So, what is Sex and Relationships Education?

Sex and Relationships Education, or SRE, teaches the emotional, social and physical aspects of growing up. Although SRE includes lessons on sex, sexuality and sexual health, it is not limited to this. SRE gives young people essential skills for building positive, respectful and non-exploitative relationships and staying safe both on- and offline.

So, why is SRE so important?

Although it’s not mandatory to teach SRE, we definitely have a legal obligation to protect children from harm. Ofsted found that SRE is inadequate in nearly half of schools and that this leaves children vulnerable to abuse and exploitation. An estimated one in twenty secondary school children have been sexually assaulted and sadly, most of these cases go unreported. Children need to be taught how to recognise this abuse. Too many children don’t even know the official names of genitals let alone how to report when somebody is taking advantage of their body.

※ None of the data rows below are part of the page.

lemma hyper_g_integral_ge_prod:
  fixes S :: "nat \<Rightarrow> real set" and g :: "nat \<Rightarrow> real \<Rightarrow> real"
  assumes S_sub: "\<And>j. j < k \<Longrightarrow> S j \<subseteq> {0<..<1}"
    and S_meas: "\<And>j. j < k \<Longrightarrow> S j \<in> sets borel"
    and g_meas: "\<And>j. j < k \<Longrightarrow> g j \<in> borel_measurable borel"
    and g_nonneg: "\<And>j x. j < k \<Longrightarrow> x \<in> S j \<Longrightarrow> 0 \<le> g j x"
    and M: "0 \<le> M"
    and bound: "\<And>t. (\<And>j. j < k \<Longrightarrow> t j \<in> S j) \<Longrightarrow>
                  M * (\<Prod>j<k. g j (t j)) \<le> hyper_g_integrand k b c R t"
  shows "ennreal M * (\<Prod>j<k. \<integral>\<^sup>+ x. indicator (S j) x * ennreal (g j x) \<partial>lborel)
           \<le> hyper_g_integral k b c R"
proof -
  define f where "f = (\<lambda>j x. indicator (S j) x * ennreal (g j x))"
  have f_meas: "f j \<in> borel_measurable borel" if "j < k" for j
    unfolding f_def using S_meas[OF that] g_meas[OF that] by measurable
  have pointwise: "ennreal M * (\<Prod>j<k. f j (t j))
      \<le> indicator (unit_cube k) t * ennreal (hyper_g_integrand k b c R t)" for t
  proof (cases "\<forall>j<k. t j \<in> S j")
    case True
    then have cube: "t \<in> unit_cube k"
      using S_sub by (force simp: unit_cube_def)
    have "(\<Prod>j<k. f j (t j)) = (\<Prod>j<k. ennreal (g j (t j)))"
      using True by (simp add: f_def)
    also have "\<dots> = ennreal (\<Prod>j<k. g j (t j))"
      using True g_nonneg by (intro prod_ennreal) auto
    finally show ?thesis
      using cube True bound g_nonneg M by (simp add: ennreal_mult'[symmetric] prod_nonneg ennreal_leI)
  next
    case False
    then obtain j where "j < k" "t j \<notin> S j" by auto
    then have "(\<Prod>j<k. f j (t j)) = 0"
      by (intro prod_zero) (auto simp: f_def intro!: bexI[of _ j])
    then show ?thesis
      by (simp only: mult_zero_right zero_le)
  qed
  have "(\<lambda>t. f j (t j)) \<in> borel_measurable (PiM {..<k} (\<lambda>_. lborel))" if "j < k" for j
  proof -
    have "f j \<in> borel_measurable lborel"
      using f_meas[OF that] by simp
    then show ?thesis
      using that by (intro measurable_compose[OF measurable_component_singleton]) auto
  qed
  then have prod_meas: "(\<lambda>t. \<Prod>j<k. f j (t j)) \<in> borel_measurable (PiM {..<k} (\<lambda>_. lborel))"
    by (intro borel_measurable_prod_ennreal) auto
  have "ennreal M * (\<Prod>j<k. \<integral>\<^sup>+ x. f j x \<partial>lborel)
      = ennreal M * (\<integral>\<^sup>+ t. (\<Prod>j<k. f j (t j)) \<partial>PiM {..<k} (\<lambda>_. lborel))"
    using f_meas by (subst nn_integral_PiM_lborel_prod) auto
  also have "\<dots> = (\<integral>\<^sup>+ t. ennreal M * (\<Prod>j<k. f j (t j)) \<partial>PiM {..<k} (\<lambda>_. lborel))"
    using prod_meas by (rule nn_integral_cmult[symmetric])
  also have "\<dots> \<le> hyper_g_integral k b c R"
    unfolding hyper_g_integral_def by (intro nn_integral_mono pointwise)
  finally show ?thesis
    by (simp only: f_def)
qed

In the wake of several scandals, child sexual exploitation and grooming have become a national priority for social services. What we have learnt from high profile cases is that, too often, vulnerable young people have been groomed to expect that a Happy Meal deserves a “happy ending” for the person buying. Consent requires choice and the freedom and capacity to make that choice. This is not just about the grooming and abuse of children. The demand for university consent workshops arose because young adults feel they are leaving school without having properly addressed the issue of consent. Statements like “well, she seemed up for it” can no longer be tolerated.

Young people have a right to information that will keep them healthy and safe. It’s widely reported that when pupils receive lessons on sex, consent and relationships, their first sexual activity is likely to occur later, and is more likely to be safe and consensual. Effective SRE can also lower rates of STIs, teenage pregnancy and abortion. Let’s take Finland for example. When SRE was made optional in 1994, Finland saw a fall in the use of contraception and a 50% increase in teenage pregnancy. SRE has since been reintroduced. It is careless that we continue to ignore these tangible benefits that SRE can bring.

Teenagers are frequently involved in online sexual activity, often below the legal age of consent. The UK’s largest group of internet pornography consumers is 12-17 year olds. Yet, the last government guidance on SRE dates back to the year 2000, well before the rise of Facebook, Snapchat and Tinder and Grindr hook-ups. Considering these changes that we have seen to social networking, it is crucial that we provide proper education on online relationships and cyber-safety. Online bullying towards the LGBTQ+ community has also increased dramatically in recent years. The fact is that virtual relationships are being virtually ignored by the outdated SRE guidance.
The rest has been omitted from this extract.